Misaligned projection happens when the colour texture is being projected onto the mesh with incorrect camera parameters - both the intrinsics (camera field of view and distortion) and extrinsics (position and rotation) affect this result, so it’s important that those are correct before I move on to any other fixup work. The first video shows my steps to confirm that the Kinect camera parameters are correct. Up to this point, I’ve been happy enough with any kind of result, but (as always) as soon as I go to measure what I’m seeing, things are not quite as they seem - so I went back to basics and started doing the math to ensure the camera parameters were correct.
It’s all just mathematics
The camera intrinsics should be something that you can query in the relevant API for the device - and for Tango, that’s true. Unfortunately, for the Kinect you can only get the depth camera intrinsics via the API - the colour camera intrinsics are nowhere to be found. Fortunately there’s loads of OpenCV code out there that lets you calculate this stuff. I got some calibration values for my main Kinect V2 sensor a few months ago - but I never actually copied them over into my scanner codebase! So that was the first change I had to make this week.
The intrinsics and extrinsics values make a huge difference to how accurately the texture projection works. the intrinsics are comprised of the focal distance (fx/fy), the principal point (cx/cy) and the image size in pixels. My default values were correct enough to look right, but incorrect enough to introduce a big offset in the centre of my projection (10-20mm lateral offset) and more error on far objects. The extrinsics were even more incorrect, as I was assuming the depth camera was in the centre of the Kinect sensor box, but it’s not - it’s about 4cm off to the right.
That’s also ignoring any distortion parameters for the intrinsics (lens warping for example) which do exist, but I’m not currently correcting for. I probably should be.
The nice thing about all of this is that once you reconcile the real world parameters with the virtual representation, everything starts to line up nicely. Vectors and Quaternions, oh my! So, by day two this week I had a few scans that looked good, and confirmed that the kinect sensors were indeed where they should be, the camera intrinsics were close to correct, and everything lined up as expected.

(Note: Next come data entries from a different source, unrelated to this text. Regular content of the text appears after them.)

(* Let $r,k,m$ be positive integers with $r\neq k$, and let $\alpha>\max\{k,r\}$ be real such that $\alpha-m$ is not a negative integer and $\alpha\neq m+r-j$, $\alpha\ne m+k-j$ for $j=1,\dots,m$. Then $$\sum_{n=1}^\infty\frac{H_{n+\alpha-m}}{(n+r)(n+k)}=\frac{k-\alpha}{k-r}\left\{\frac{H_{\alpha-k}^2+H_{\alpha-k}^{(2)}}{\alpha-k}-\sum_{j=1}^k\frac{H_{\alpha+j-k}}{j(\alpha+j-k)}\right\}+\frac{\alpha-r}{k-r}\left\{\frac{H_{\alpha-r}^2+H_{\alpha-r}^{(2)}}{\alpha-r}-\sum_{j=1}^r\frac{H_{\alpha+j-r}}{j(\alpha+j-r)}\right\}$$ $$-\frac{1}{k-r}\sum_{j=1}^m\left\{\frac{H_{j+\alpha-m}-H_r}{j+\alpha-m-r}-\frac{H_{j+\alpha-m}-H_k}{j+\alpha-m-k}\right\}.$$
   Context: Shifted harmonic numbers: for a real $\alpha$ that is not a negative integer, $H_\alpha := \sum_{k=1}^\infty\left(\frac1k-\frac1{k+\alpha}\right)$ and, for integers $m\ge 2$, $H_\alpha^{(m)} := \sum_{k=1}^\infty\left(\frac1{k^m}-\frac1{(k+\alpha)^m}\right)=\zeta(m)-\zeta(m,\alpha+1)$, where $\zeta$ is the Riemann zeta function and $\zeta(s,\alpha+1)=\sum_{n=1}^\infty (n+\alpha)^{-s}$ is the Hurwitz zeta function. For nonnegative integers these are the ordinary harmonic numbers. Powers such as $H_\alpha^2$ mean $(H_\alpha)^2$. Empty sums are $0$. *)

theory Defs
  imports "HOL-Analysis.Analysis"
begin

definition shifted_harm :: "real \<Rightarrow> real" where
  "shifted_harm a = (\<Sum>k. 1 / real (Suc k) - 1 / (real (Suc k) + a))"

definition shifted_harm2 :: "real \<Rightarrow> real" where
  "shifted_harm2 a = (\<Sum>k. 1 / (real (Suc k))^2 - 1 / (real (Suc k) + a)^2)"

end

theory Submission
  imports Defs "HOL-Real_Asymp.Real_Asymp"
begin

text \<open>
  For \<open>c > 0\<close> the nonnegative double series \<open>\<Sum>i,j\<ge>1. c / (i j (i + j + c))\<close> sums row by row to
  \<open>\<Sum>i. H(i+c) (1/i - 1/(i+c))\<close> and diagonal by diagonal (\<open>i + j = M\<close>) to
  \<open>\<Sum>M. 2 H(M-1) (1/M - 1/(M+c))\<close>. With the tails \<open>T n = \<Sum>i>n. 1/i - 1/(i+c)\<close>, for which
  \<open>H(n+c) = H n + T n\<close>, twice the first series minus the second telescopes to
  \<open>T 0\<^sup>2 + (\<Sum>n. 1/n\<^sup>2 - 1/(n+c)\<^sup>2) = H(c)\<^sup>2 + H\<^sub>2(c)\<close>, so both series have this value.
  Dropping the first \<open>s\<close> terms evaluates \<open>\<Sum>n. H(n+\<alpha>) (1/(n+s) - 1/(n+\<alpha>))\<close>, and the
  corollary follows from the partial fraction decomposition of \<open>H(n+\<alpha>-m) / ((n+r)(n+k))\<close>
  after writing \<open>H(n+\<alpha>) = H(n+\<alpha>-m) + (\<Sum>j=1..m. 1/(n+\<alpha>-m+j))\<close>.
\<close>

lemma summable_bigo_powr:
  fixes f :: "nat \<Rightarrow> real"
  assumes "f \<in> O(\<lambda>n. real n powr s)" and "s < -1"
  shows "summable f"
  by (rule summable_comparison_test_bigo[OF _ assms(1)]) (simp add: summable_real_powr_iff assms(2))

I texture the mesh by projecting the image the colour camera sees onto the mesh reconstructed from the depth sensor’s view of the world. As long as there’s only one surface (e.g. a wall or a floor) this works fine. As soon as you have surfaces in front or behind each other (from the colour camera’s perspective) things break with the current texturing process, because I’m not taking into account occlusion.

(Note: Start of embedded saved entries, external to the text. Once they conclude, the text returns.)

lemma triangulation_extend_into_block:
  fixes A :: "((real^'m::finite) \<times> (real^'n::finite)) set"
  assumes "A \<subseteq> prod_simplices" and tri: "is_triangulation A T"
    and "\<rho>0 \<in> T" "\<sigma> \<subseteq> \<rho>0" "\<sigma> \<noteq> {}"
    and \<sigma>_off_block: "\<And>a b. pt a b \<in> \<sigma> \<Longrightarrow> a \<in> R \<longleftrightarrow> b \<notin> C"
    and "pt a0 b0 \<in> A" "a0 \<in> R" "b0 \<in> C"
  obtains \<rho> a b where "\<rho> \<in> T" "\<sigma> \<subseteq> \<rho>" "pt a b \<in> \<rho>" "a \<in> R" "b \<in> C"
proof -
  have A_pts: "\<exists>a b. x = pt a b" if "x \<in> A" for x
    using that \<open>A \<subseteq> prod_simplices\<close> unfolding prod_simplices_def by blast
  have "finite A"
    using finite_subset[OF \<open>A \<subseteq> prod_simplices\<close> finite_prod_simplices] .
  moreover have "block_functional R C \<bullet> x = 0" if "x \<in> \<sigma>" for x
    using that A_pts[of x] \<sigma>_off_block triangulation_simplex(1)[OF tri \<open>\<rho>0 \<in> T\<close>] \<open>\<sigma> \<subseteq> \<rho>0\<close>
    by (force simp: inner_block_functional_pt)
  moreover have "block_functional R C \<bullet> pt a0 b0 > 0"
    using \<open>a0 \<in> R\<close> \<open>b0 \<in> C\<close> by (simp add: inner_block_functional_pt)
  ultimately obtain \<rho> x where "\<rho> \<in> T" "\<sigma> \<subseteq> \<rho>" "x \<in> \<rho>" "block_functional R C \<bullet> x > 0"
    using triangulation_extend_towards[OF tri _ assms(3-5,7)] by blast
  moreover obtain a b where "x = pt a b"
    using A_pts triangulation_simplex(1)[OF tri \<open>\<rho> \<in> T\<close>] \<open>x \<in> \<rho>\<close> by blast
  ultimately show ?thesis
    using that by (auto simp: inner_block_functional_pt split: if_splits)
qed

locale tetrahedron_config =
  fixes A :: "((real^'m::finite) \<times> (real^'n::finite)) set"
    and T :: "((real^'m) \<times> (real^'n)) set set"
    and i j k l :: 'm
    and fij fik fil fjk fjl fkl :: 'n
  assumes A_sub: "A \<subseteq> prod_simplices"
    and tri: "is_triangulation A T"
    and rows: "distinct [i, j, k, l]"
    and cols: "distinct [fij, fik, fil, fjk, fjl, fkl]"
    and jkl_in_A: "circ3 j k l fjk fkl fjl \<subseteq> A"
    and kil_in_A: "circ3 k i l fik fil fkl \<subseteq> A"
    and T_plus_jkl: "T_plus (circ3_plus j k l fjk fkl fjl) (circ3_minus j k l fjk fkl fjl) \<subseteq> T"
    and T_plus_kil: "T_plus (circ3_plus k i l fik fil fkl) (circ3_minus k i l fik fil fkl) \<subseteq> T"
    and ijl_face: "circ3 i j l fij fjl fil - {pt i fij} \<in> T"
begin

Here’s a pretty clear example. The colour camera view is in the top frame. Because the depth camera is 4cm to the left of the colour camera, the depth camera can see the wall behind the lighter, so there is mesh there (which should be wall coloured).
The bottom part of the image shows that the mesh where the lighter is is being textured with the image of the lighter, but it’s also being projected through that mesh onto the wall in the background.

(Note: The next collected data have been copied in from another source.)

(* Let $P$ be the uniform distribution on $[0,1]$ and $\beta=\{\frac14,\frac12\}$. The conditional optimal set of five-points for $P$ with respect to $\beta$ is $\alpha_5=\{\frac1{12},\frac14,\frac12,\frac7{10},\frac9{10}\}$, with $V_5=\frac{613}{172800}$ ($\approx0.00354745$).
   Context: For a Borel probability measure $P$ on $\mathbb{R}$ and finite $\beta$ with $\mathrm{card}(\beta)=r$, for $n\ge r$, $V_n=\inf\{\int\min_{a\in\alpha\cup\beta}(x-a)^2dP(x):\mathrm{card}(\alpha)\le n-r\}$; a set $\alpha\cup\beta$ attaining the infimum, with each point of $\beta$ having a Voronoi region of positive $P$-measure, is a conditional optimal set of $n$-points with respect to $\beta$. *)

theory Defs
  imports "HOL-Probability.Probability"
begin

definition unif01 :: "real measure" where
  "unif01 = uniform_measure lborel {0..1}"

definition distortion :: "real measure \<Rightarrow> real set \<Rightarrow> real" where
  "distortion P A = (\<integral>x. Min ((\<lambda>a. (x - a)^2) ` A) \<partial>P)"

text \<open>Conditional quantization error V_n with respect to beta (requires card beta \<le> n).\<close>
definition cond_V :: "real measure \<Rightarrow> real set \<Rightarrow> nat \<Rightarrow> real" where
  "cond_V P \<beta> n = (INF \<alpha> \<in> {\<alpha>. finite \<alpha> \<and> card \<alpha> \<le> n - card \<beta>}. distortion P (\<alpha> \<union> \<beta>))"

definition voronoi :: "real set \<Rightarrow> real \<Rightarrow> real set" where
  "voronoi S a = {x. \<forall>b\<in>S. \<bar>x - a\<bar> \<le> \<bar>x - b\<bar>}"

definition is_cond_optimal :: "real measure \<Rightarrow> real set \<Rightarrow> nat \<Rightarrow> real set \<Rightarrow> bool" where
  "is_cond_optimal P \<beta> n S \<longleftrightarrow>
     finite \<beta> \<and> card \<beta> \<le> n \<and>
     (\<exists>\<alpha>. finite \<alpha> \<and> card \<alpha> \<le> n - card \<beta> \<and> S = \<alpha> \<union> \<beta>) \<and>
     distortion P S = cond_V P \<beta> n \<and>
     (\<forall>b\<in>\<beta>. measure P (voronoi S b) > 0)"

end

theory Submission
  imports Defs
begin

text \<open>
  Cutting [0,1] at the fixed centres 1/4 and 1/2 splits the distortion into three segments,
  each of which only sees the centres lying in it. On a segment of length L whose endpoint is a
  centre and which contains k further centres, the distortion is one third of a weighted sum of
  cubes of the half-gaps between consecutive centres and of the overhang at the far end; these
  2k+1 lengths add up to L, so the tangent-line inequality for x^3 bounds the sum below by
  L^3/(2k+1)^2, with equality only for equally spaced centres. With three free centres the only
  configuration not already too expensive is one centre below 1/4 and two above 1/2, giving
  1/1728 + 1/768 + 1/600 = 613/172800 exactly at 1/12, 7/10 and 9/10.
\<close>

definition nearest_sqdist :: "real set \<Rightarrow> real \<Rightarrow> real" where
  "nearest_sqdist S x = Min ((\<lambda>a. (x - a)^2) ` S)"

lemma nearest_sqdist_singleton [simp]: "nearest_sqdist {a} = (\<lambda>x. (x - a)^2)"
  by (simp add: nearest_sqdist_def fun_eq_iff)

lemma nearest_sqdist_insert:
  "finite S \<Longrightarrow> S \<noteq> {} \<Longrightarrow> nearest_sqdist (insert a S) x = min ((x - a)^2) (nearest_sqdist S x)"
  by (simp add: nearest_sqdist_def)

lemma nearest_sqdist_nonneg: "finite S \<Longrightarrow> S \<noteq> {} \<Longrightarrow> 0 \<le> nearest_sqdist S x"
  by (simp add: nearest_sqdist_def Min_ge_iff)

lemma continuous_on_nearest_sqdist:
  "finite S \<Longrightarrow> S \<noteq> {} \<Longrightarrow> continuous_on A (nearest_sqdist S)"
proof (induction S rule: finite_ne_induct)
  case (singleton a)
  then show ?case by (simp add: continuous_intros)
next
  case (insert a S)
  then show ?case by (simp add: nearest_sqdist_insert continuous_intros)
qed

lemma nearest_sqdist_eq_subset:
  assumes "finite S" "T \<subseteq> S" "T \<noteq> {}"
    and closer: "\<And>a. a \<in> S \<Longrightarrow> \<exists>b\<in>T. (x - b)^2 \<le> (x - a)^2"
  shows "nearest_sqdist S x = nearest_sqdist T x"
proof (rule antisym)
  have "finite T" using assms finite_subset by blast
  then show "nearest_sqdist S x \<le> nearest_sqdist T x"
    unfolding nearest_sqdist_def using assms by (intro Min_antimono) auto
  have "nearest_sqdist S x \<in> (\<lambda>a. (x - a)^2) ` S"
    unfolding nearest_sqdist_def using assms by (intro Min_in) auto
  then obtain a where a: "a \<in> S" "nearest_sqdist S x = (x - a)^2" by auto
  with closer obtain b where b: "b \<in> T" "(x - b)^2 \<le> (x - a)^2" by blast
  have "nearest_sqdist T x \<le> (x - b)^2"
    unfolding nearest_sqdist_def using \<open>finite T\<close> b by (intro Min_le) auto
  with a b show "nearest_sqdist T x \<le> nearest_sqdist S x" by linarith
qed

I currently “fix” this by using a process that applies the “best” texture to any particular part of the mesh, so if you take a “better” picture (e.g. closer to the mesh that’s being projected on) it should pick that in preference over the further away image. This mostly works, but it means that during scanning you end up with lots of through projection that just shouldn’t be there, and parts of that often get left hanging around in the end result. It would be better simply to never apply that texture in the first place.
The observant reader will have seen this happening in just about every scan I’ve taken with a Tango device. Even more so than colour correction and mesh noise, I think this is the most annoying thing about the scans I’m currently taking.
Capturing scene depth
The remainder of the week has mostly been spent capturing the scene depth. That is, reconstructing the depth of the original photo based on the mesh I get from the pointclouds when viewing the scene from the same pose as the photo was taken. This is one method of finding out where image pixels should live on the scene geometry. It’s a load of hoop jumping, but I’ve now got depth data (of a sort!) for the photo.
mouse-over the image to see the depth data contours.
This looks like it lines up nicely on the horizontal axis, but there’s movement on the vertical axis. This is most likely related to the intrinsics still being wrong (and possibly the z value of the extrinsics being wrong, and possibly the two cameras are not actually pointing in exactly the same direction).
At least I’m getting close. This should be good enough to do some coarse testing with.
If the two cameras were in the same place (i.e. using the same sensor) this would be super-easy. I could just store the depth frame directly and it would be exactly what I need to do the maths. Oh well ;)
Getting a reproducible test case is a pain in the neck when I need to move around the room with the Phab, so after a bit of soul searching, I’ve come to the conclusion that the only sane way to make progress here is to stop working on the problem - until I’ve got some mechanism to record and replay the feed streams. Working with the data should be pretty simple (I’m already bundling it up for network transport). Putting in place some method of buffering and replaying the data shouldn’t take too long, and that will allow me to record some janky raw data and then work with it until I fully fix the issue - instead of having to get up from my seat and walk around the room.
Next week …
Replaying and recording feed streams.